Dec 26, 2009 17:41
I wanted to like New Eves: Science Fiction About the Extraordinary Women of Today and Tomorrow, edited by Janrae Frank, Jean Stine, and Forrest J. Ackerman. It's a collection of a bunch of science fiction stories by women that I haven't already read in every other such anthology. With the exception of three stories (one being "Speech Sounds" by Octavia Butler), these stories were new to me.
However, most of the stories left me cold. The attempt to choose unfamiliar stories seems to have meant choosing less awesome stories. To my taste, the stories in the final section devoted to "The 80s and Beyond" were the best (including Lee Killough's "Symphony for a Lost Traveler," Maureen F. McHugh's "The Missionary's Child," and Karen Joy Fowler's "The Lake Was Full of Artificial Things"), but this is only a small portion of the book.
The biggest problem I had with this book, though, was not in the choice of stories included. The editing is just terrible. And it is terrible on multiple levels. The copyediting is terrible: there are so many typos, not just in the introductions to the stories but in the stories themselves, some of them even inhibiting the clarity of the narrative. The fact-checking is terrible: several stories are placed in one chronological section (say the 1960s and 1970s) but really belong in another, authors' names are misspelled or misrepresented, and some publication dates for stories are just wrong. And the writing is bad, too. On top of all of that, in a book devoted to women writers of science fiction, the presentation of feminism hews frighteningly close to negative anti-feminist stereotypes.
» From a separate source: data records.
definition is_lyapunov :: "('a::euclidean_space \<Rightarrow> 'a) \<Rightarrow> ('a \<Rightarrow> real) \<Rightarrow> ('a \<Rightarrow> 'a) \<Rightarrow> bool" where
  "is_lyapunov f V gV \<longleftrightarrow>
     (\<forall>x. (V has_derivative (\<lambda>v. gV x \<bullet> v)) (at x)) \<and> continuous_on UNIV gV \<and>
     pos_def V \<and> filterlim V at_top at_infinity \<and>
     (\<forall>x. x \<noteq> 0 \<longrightarrow> gV x \<bullet> f x < 0)"

definition lVb :: "('a::euclidean_space \<Rightarrow> 'a) \<Rightarrow> real \<Rightarrow> 'a \<Rightarrow> real" where
  "lVb gV b x = Sup ((\<lambda>z. norm (gV z)) ` cball 0 (exp b * norm x))"

definition rk_stages :: "nat \<Rightarrow> (nat \<Rightarrow> nat \<Rightarrow> real) \<Rightarrow> ('a::real_normed_vector \<Rightarrow> 'a)
    \<Rightarrow> real \<Rightarrow> 'a \<Rightarrow> (nat \<Rightarrow> 'a) \<Rightarrow> bool" where
  "rk_stages s a f h x Y \<longleftrightarrow> (\<forall>i<s. Y i = x + h *\<^sub>R (\<Sum>j<s. a i j *\<^sub>R f (Y j)))"

definition rk_F :: "nat \<Rightarrow> (nat \<Rightarrow> nat \<Rightarrow> real) \<Rightarrow> (nat \<Rightarrow> real) \<Rightarrow> ('a::real_normed_vector \<Rightarrow> 'a)
    \<Rightarrow> real \<Rightarrow> 'a \<Rightarrow> 'a" where
  "rk_F s a b f h x = (let Y = (SOME Y. rk_stages s a f h x Y) in (\<Sum>i<s. b i *\<^sub>R f (Y i)))"

fun hyb_seq :: "(real \<Rightarrow> 'a \<Rightarrow> 'a::real_normed_vector) \<Rightarrow> ('a \<Rightarrow> real) \<Rightarrow> (real \<Rightarrow> real)
    \<Rightarrow> 'a \<Rightarrow> nat \<Rightarrow> real \<times> 'a" where
  "hyb_seq F phi u x0 0 = (0, x0)"
| "hyb_seq F phi u x0 (Suc i) =
     (let (\<tau>, x) = hyb_seq F phi u x0 i; h = phi x * exp (- u \<tau>) in (\<tau> + h, x + h *\<^sub>R F h x))"

definition hyb_traj :: "(real \<Rightarrow> 'a \<Rightarrow> 'a::real_normed_vector) \<Rightarrow> ('a \<Rightarrow> real) \<Rightarrow> (real \<Rightarrow> real)
    \<Rightarrow> 'a \<Rightarrow> real \<Rightarrow> 'a" where
  "hyb_traj F phi u x0 t =
     (let i = (LEAST i. t < fst (hyb_seq F phi u x0 (Suc i)));
          (\<tau>, x) = hyb_seq F phi u x0 i; h = phi x * exp (- u \<tau>)
      in x + (t - \<tau>) *\<^sub>R F h x)"

definition admissible_input :: "(real \<Rightarrow> real) \<Rightarrow> bool" where
  "admissible_input u \<longleftrightarrow> (\<forall>t\<ge>0. u t \<ge> 0) \<and> (\<forall>T\<ge>0. bounded (u ` {0..T}))"

definition URGAS :: "(real \<Rightarrow> 'a \<Rightarrow> 'a::real_normed_vector) \<Rightarrow> ('a \<Rightarrow> real) \<Rightarrow> bool" where
  "URGAS F phi \<longleftrightarrow>
     (\<forall>\<epsilon>>0. \<exists>\<delta>>0. \<forall>x0 u t. norm x0 < \<delta> \<and> admissible_input u \<and> t \<ge> 0
         \<longrightarrow> norm (hyb_traj F phi u x0 t) < \<epsilon>) \<and>
     (\<forall>R. \<exists>B. \<forall>x0 u t. norm x0 \<le> R \<and> admissible_input u \<and> t \<ge> 0
         \<longrightarrow> norm (hyb_traj F phi u x0 t) \<le> B) \<and>
     (\<forall>\<epsilon>>0. \<forall>R. \<exists>T. \<forall>x0 u t. norm x0 \<le> R \<and> admissible_input u \<and> t \<ge> T \<and> t \<ge> 0
         \<longrightarrow> norm (hyb_traj F phi u x0 t) \<le> \<epsilon>)"

definition class_K_inf :: "(real \<Rightarrow> real) \<Rightarrow> bool" where
  "class_K_inf a \<longleftrightarrow> continuous_on {0..} a \<and> strict_mono_on {0..} a \<and> a 0 = 0 \<and>
     filterlim a at_top at_top"

definition robust_K_exp_stable :: "(real \<Rightarrow> 'a \<Rightarrow> 'a::real_normed_vector) \<Rightarrow> ('a \<Rightarrow> real) \<Rightarrow> bool" where
  "robust_K_exp_stable F phi \<longleftrightarrow>
     (\<exists>a \<sigma>. class_K_inf a \<and> \<sigma> > 0 \<and>
        (\<forall>x0 u t. admissible_input u \<and> t \<ge> 0 \<longrightarrow>
           norm (hyb_traj F phi u x0 t) \<le> exp (- \<sigma> * t) * a (norm x0)))"

end

theory Submission
  imports Defs
begin

(* The local error bound (iii), the gradient bound l_V^b on the ball of radius
   exp b |x| and the step-size restriction on phi give, by the mean value theorem,
   the discrete Lyapunov descent  V(x + h F(h,x)) <= V(x) - lam h W(x)  for h in [0, phi x]
   (one_step_descent).  Hypothesis (ii) keeps every interpolated point within exp b |x|.
   These two facts are the axioms of the locale lyapunov_hybrid_system, in which the hybrid
   trajectory is studied abstractly: V decreases along the nodes, the nodes reach every
   time (using local boundedness of u), and compactness arguments turn the descent into the
   three URGAS properties; under W >= 2 sigma V the descent becomes a geometric contraction
   of V, giving the exponential estimate. *)

lemma sublevel_bounded:
  fixes V :: "'a::real_normed_vector \<Rightarrow> real"
  assumes "filterlim V at_top at_infinity"
  shows "\<exists>R. \<forall>x. V x \<le> c \<longrightarrow> norm x < R"
proof -
  have "eventually (\<lambda>x. c + 1 \<le> V x) at_infinity"
    using assms by (simp add: filterlim_at_top)
  then obtain R where R: "\<And>x. R \<le> norm x \<Longrightarrow> c + 1 \<le> V x"
    by (auto simp: eventually_at_infinity)
  show ?thesis
    by (rule exI[of _ R]) (smt (verit) R)
qed

lemma pos_def_min_on_compact:
  fixes g :: "'a::real_normed_vector \<Rightarrow> real"
  assumes g_cont: "continuous_on UNIV g" and g_pd: "pos_def g"
    and K: "compact K" "0 \<notin> K"
  shows "\<exists>w>0. \<forall>x\<in>K. w \<le> g x"
proof (cases "K = {}")
  case True
  then show ?thesis by (intro exI[of _ 1]) auto
next
  case False
  obtain x1 where x1: "x1 \<in> K" and min: "\<forall>y\<in>K. g x1 \<le> g y"
    using continuous_attains_inf[OF K(1) False continuous_on_subset[OF g_cont]] by blast
  have "g x1 > 0" using g_pd x1 K(2) unfolding pos_def_def by (metis)
  then show ?thesis using min by blast
qed

(* The same on a band  c <= V x <= c'  of a proper Lyapunov-type function V; this gives
   the uniform decay rate needed for uniform attractivity. *)
lemma pos_def_min_on_band:
  fixes V g :: "'a::euclidean_space \<Rightarrow> real"
  assumes V_cont: "continuous_on UNIV V" and V_pd: "pos_def V"
    and V_unb: "filterlim V at_top at_infinity"
    and g_cont: "continuous_on UNIV g" and g_pd: "pos_def g" and c: "0 < c"
  shows "\<exists>w>0. \<forall>x. c \<le> V x \<and> V x \<le> c' \<longrightarrow> w \<le> g x"
proof -
  define K where "K = {x. c \<le> V x \<and> V x \<le> c'}"
  have "closed K"
    unfolding K_def Collect_conj_eq
    by (intro closed_Int closed_Collect_le continuous_on_const V_cont)
  moreover obtain R where "\<And>x. V x \<le> c' \<Longrightarrow> norm x < R"
    using sublevel_bounded[OF V_unb] by blast
  then have "K \<subseteq> cball 0 R" by (auto simp: K_def less_imp_le)
  then have "bounded K" using bounded_cball bounded_subset by blast
  moreover have "0 \<notin> K" using V_pd c by (simp add: K_def pos_def_def)
  ultimately show ?thesis
    using pos_def_min_on_compact[OF g_cont g_pd, of K] by (auto simp: K_def compact_eq_bounded_closed)
qed

lemma small_sublevel:
  fixes V :: "'a::euclidean_space \<Rightarrow> real"
  assumes V_cont: "continuous_on UNIV V" and V_pd: "pos_def V"
    and V_unb: "filterlim V at_top at_infinity" and e: "0 < e"
  shows "\<exists>c>0. \<forall>x. V x < c \<longrightarrow> norm x < e"
proof -
  obtain R where R: "\<And>x. V x \<le> 1 \<Longrightarrow> norm x < R" using sublevel_bounded[OF V_unb] by blast
  have "compact (cball 0 R - ball (0::'a) e)" by (simp add: compact_diff)
  moreover have "(0::'a) \<notin> cball 0 R - ball 0 e" using e by simp
  ultimately obtain w where w: "w > 0" "\<forall>x\<in>cball 0 R - ball 0 e. w \<le> V x"
    using pos_def_min_on_compact[OF V_cont V_pd] by blast
  show ?thesis
  proof (intro exI[of _ "min 1 w"] conjI allI impI)
    fix x assume "V x < min 1 w"
    then show "norm x < e" using R[of x] w(2) by (force simp: dist_norm)
  qed (use w in auto)
qed

lemma small_near_zero:
  fixes V :: "'a::real_normed_vector \<Rightarrow> real"
  assumes V_cont: "continuous_on UNIV V" and V_pd: "pos_def V" and c: "0 < c"
  shows "\<exists>d>0. \<forall>x. norm x < d \<longrightarrow> V x < c"
proof -
  have "isCont V 0" using V_cont by (simp add: continuous_on_eq_continuous_at)
  then obtain d where "d > 0" "\<And>x. dist x 0 < d \<Longrightarrow> dist (V x) (V 0) < c"
    using c unfolding continuous_at_eps_delta by blast
  then show ?thesis using V_pd by (intro exI[of _ d]) (force simp: pos_def_def dist_norm)
qed
(* Let $\mathcal{D}$ be an even domain and $a,b>0$, $c\ge\max\{a,b\}$, and let $c_b,c_b'\in[0,\infty]$ with $c_b\le c_b'$. Then \[\mathsf{HF}_{\mathcal{D}\setminus\partial_V\mathcal{D},a,b,c}^{-1,0}\preceq \mathsf{HF}_{\mathcal{D},a,b,c}^{0,1;c_b}\preceq \mathsf{HF}_{\mathcal{D},a,b,c}^{0,1;c_b'}\preceq \mathsf{HF}_{\mathcal{D}\setminus\partial_V\mathcal{D},a,b,c}^{0,1},\] where $\preceq$ denotes stochastic domination with respect to the pointwise order on height functions.
   Context: Faces of $\mathbb{Z}^2$ are centered at integer points; the face $(i,j)$ is even if $i+j$ is even, odd otherwise. A domain is a finite subgraph $\mathcal{D}$ of $\mathbb{Z}^2$ consisting of a simple cycle $\partial\mathcal{D}$ together with everything it encloses; its faces are the enclosed faces. $\partial_{\mathrm{ext}}\mathcal{D}$ is the set of faces not in $\mathcal{D}$ sharing an edge with a face of $\mathcal{D}$; $\mathcal{D}$ is even if all faces of $\partial_{\mathrm{ext}}\mathcal{D}$ are even. $\partial_V\mathcal{D}$ is the set of vertices of $\mathcal{D}$ belonging to exactly one face of $\mathcal{D}$. A height function is $h\colon F(\mathbb{Z}^2)\to\mathbb{Z}$ with $|h(u)-h(v)|=1$ across edges and $h(u)$ of the parity of $u$. Around a vertex the four faces form two diagonal pairs (south-west/north-east and north-west/south-east); the vertex is of type $c$ if both pairs have equal heights, of type $a$ if only the south-west/north-east pair does, of type $b$ if only the north-west/south-east pair does. For $n\in\mathbb{Z}$ the boundary condition "$n,n+1$" is the function equal to $n$ on faces of the parity of $n$ and $n+1$ on the others. For $c_b\in(0,\infty)$, $\mathsf{HF}_{\mathcal{D},a,b,c}^{0,1;c_b}$ is the probability measure on height functions equal to the $0,1$ boundary condition off the faces of $\mathcal{D}$, with probability proportional to $a^{N_a'}b^{N_b'}c^{N_c'}c_b^{N_{\partial}}$, where $N_x'$ counts vertices of $\mathcal{D}\setminus\partial_V\mathcal{D}$ of type $x$ and $N_\partial$ counts vertices of $\partial_V\mathcal{D}$ of type $c$; for $c_b\in\{0,\infty\}$ it is the weak limit as $c_b\to0$ or $c_b\to\infty$. For $t$ equal to the $-1,0$ or the $0,1$ boundary condition, $\mathsf{HF}_{\mathcal{D}\setminus\partial_V\mathcal{D},a,b,c}^{t}$ denotes the height-function measure on the graph $\mathcal{D}\setminus\partial_V\mathcal{D}$ obtained from $\mathcal{D}$ by removing the vertices of $\partial_V\mathcal{D}$ and their incident edges: it is supported on height functions equal to $t$ on all faces that are not faces of $\mathcal{D}$ or that contain a vertex of $\partial_V\mathcal{D}$, with probability proportional to $a^{N_a'}b^{N_b'}c^{N_c'}$. *)

theory Defs
  imports Complex_Main "HOL-Library.Extended_Real"
begin

text \<open>Faces of Z^2 are indexed by their centres (i,j) :: int \<times> int.
  A vertex (x,y) :: int \<times> int denotes the lattice corner at the point (x+1/2, y+1/2);
  its four surrounding faces are SW=(x,y), SE=(x+1,y), NW=(x,y+1), NE=(x+1,y+1).\<close>

type_synonym face = "int \<times> int"
type_synonym vertex = "int \<times> int"
type_synonym hfun = "face \<Rightarrow> int"

definition adj_face :: "face \<Rightarrow> face \<Rightarrow> bool" where
  "adj_face u w \<longleftrightarrow> \<bar>fst u - fst w\<bar> + \<bar>snd u - snd w\<bar> = 1"

definition adj_vertex :: "vertex \<Rightarrow> vertex \<Rightarrow> bool" where
  "adj_vertex v w \<longleftrightarrow> \<bar>fst v - fst w\<bar> + \<bar>snd v - snd w\<bar> = 1"

definition even_face :: "face \<Rightarrow> bool" where
  "even_face u \<longleftrightarrow> even (fst u + snd u)"

definition faces_at :: "vertex \<Rightarrow> face set" where
  "faces_at v = {(fst v, snd v), (fst v + 1, snd v), (fst v, snd v + 1), (fst v + 1, snd v + 1)}"

definition simple_cycle :: "vertex list \<Rightarrow> bool" where
  "simple_cycle cs \<longleftrightarrow> length cs \<ge> 3 \<and> distinct cs \<and>
     (\<forall>k < length cs. adj_vertex (cs ! k) (cs ! ((k + 1) mod length cs)))"

text \<open>A face is enclosed by the cycle iff the vertical ray going upwards from its
  centre crosses an odd number of (horizontal) edges of the cycle.\<close>
definition crossings :: "vertex list \<Rightarrow> face \<Rightarrow> nat" where
  "crossings cs u = card {k. k < length cs \<and>
     (\<exists>y \<ge> snd u. {cs ! k, cs ! ((k + 1) mod length cs)} = {(fst u - 1, y), (fst u, y)})}"

definition enclosed_faces :: "vertex list \<Rightarrow> face set" where
  "enclosed_faces cs = {u. odd (crossings cs u)}"

definition is_domain :: "face set \<Rightarrow> bool" where
  "is_domain D \<longleftrightarrow> (\<exists>cs. simple_cycle cs \<and> D = enclosed_faces cs)"

definition dom_vertices :: "face set \<Rightarrow> vertex set" where
  "dom_vertices D = {v. faces_at v \<inter> D \<noteq> {}}"

definition bdryV :: "face set \<Rightarrow> vertex set" where
  "bdryV D = {v. card (faces_at v \<inter> D) = 1}"

definition ext_bdry :: "face set \<Rightarrow> face set" where
  "ext_bdry D = {u. u \<notin> D \<and> (\<exists>w\<in>D. adj_face u w)}"

definition even_domain :: "face set \<Rightarrow> bool" where
  "even_domain D \<longleftrightarrow> is_domain D \<and> (\<forall>u\<in>ext_bdry D. even_face u)"

definition height_function :: "hfun \<Rightarrow> bool" where
  "height_function h \<longleftrightarrow> (\<forall>u w. adj_face u w \<longrightarrow> \<bar>h u - h w\<bar> = 1) \<and>
     (\<forall>u. even (h u) \<longleftrightarrow> even_face u)"

definition SW :: "vertex \<Rightarrow> face" where "SW v = (fst v, snd v)"
definition SE :: "vertex \<Rightarrow> face" where "SE v = (fst v + 1, snd v)"
definition NW :: "vertex \<Rightarrow> face" where "NW v = (fst v, snd v + 1)"
definition NE :: "vertex \<Rightarrow> face" where "NE v = (fst v + 1, snd v + 1)"

definition type_c :: "hfun \<Rightarrow> vertex \<Rightarrow> bool" where
  "type_c h v \<longleftrightarrow> h (SW v) = h (NE v) \<and> h (NW v) = h (SE v)"
definition type_a :: "hfun \<Rightarrow> vertex \<Rightarrow> bool" where
  "type_a h v \<longleftrightarrow> h (SW v) = h (NE v) \<and> h (NW v) \<noteq> h (SE v)"
definition type_b :: "hfun \<Rightarrow> vertex \<Rightarrow> bool" where
  "type_b h v \<longleftrightarrow> h (SW v) \<noteq> h (NE v) \<and> h (NW v) = h (SE v)"
lemma njumps_typical:
  assumes typical: "typical_path c \<delta> N \<omega>" and "\<delta> \<le> 1 / 2" "2 \<le> real N"
    and "0 \<le> s" "s \<le> real N * (c - 1)"
  shows "real (njumps \<omega> s) \<le> c * real N" "\<bar>real (njumps \<omega> s) - s\<bar> \<le> \<delta> * real N + 1"
proof -
  define M where "M = nat \<lfloor>c * real N\<rfloor>"
  have "0 \<le> real N * (c - 1)" using assms by linarith
  then have "0 \<le> c - 1" using assms by (simp add: zero_le_mult_iff)
  then have range: "n \<le> M \<longleftrightarrow> real n \<le> c * real N" for n
    unfolding M_def using assms by (simp add: le_nat_iff le_floor_iff)
  have nonneg: "\<forall>j. 0 \<le> snd (\<omega> j)"
    and jumps: "\<forall>n\<le>M. \<bar>jump_time \<omega> n - real n\<bar> \<le> \<delta> * real N"
    using typical range by (auto simp: typical_path_def jump_time_minus_eq)
  have "s < jump_time \<omega> M"
  proof -
    have "\<delta> * real N \<le> 1 / 2 * real N" by (rule mult_right_mono) (use assms in auto)
    moreover have "c * real N < real M + 1" using range[of "M + 1"] by simp
    moreover have "s \<le> c * real N - real N" using assms by (simp add: algebra_simps)
    ultimately have "s < real M - \<delta> * real N" using assms by linarith
    also have "\<dots> \<le> jump_time \<omega> M" using jumps by (auto simp: abs_le_iff)
    finally show ?thesis .
  qed
  note bracket = njumps_close[OF nonneg jumps \<open>0 \<le> s\<close> this]
  show "real (njumps \<omega> s) \<le> c * real N" using bracket(1) range[of "njumps \<omega> s"] by simp
  show "\<bar>real (njumps \<omega> s) - s\<bar> \<le> \<delta> * real N + 1" by (rule bracket(2))
qed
In short, I wouldn't recommend this book. If you are looking for less commonly anthologized science fiction stories by women writers, you might find something worth reading here (I don't pretend that my tastes in SF are the same as everyone else's), but beware: its myriad mistakes make this a sometimes frustrating read, an unreliable source on some points, and considerably less worthy of the time and effort required to read it than are most anthologies.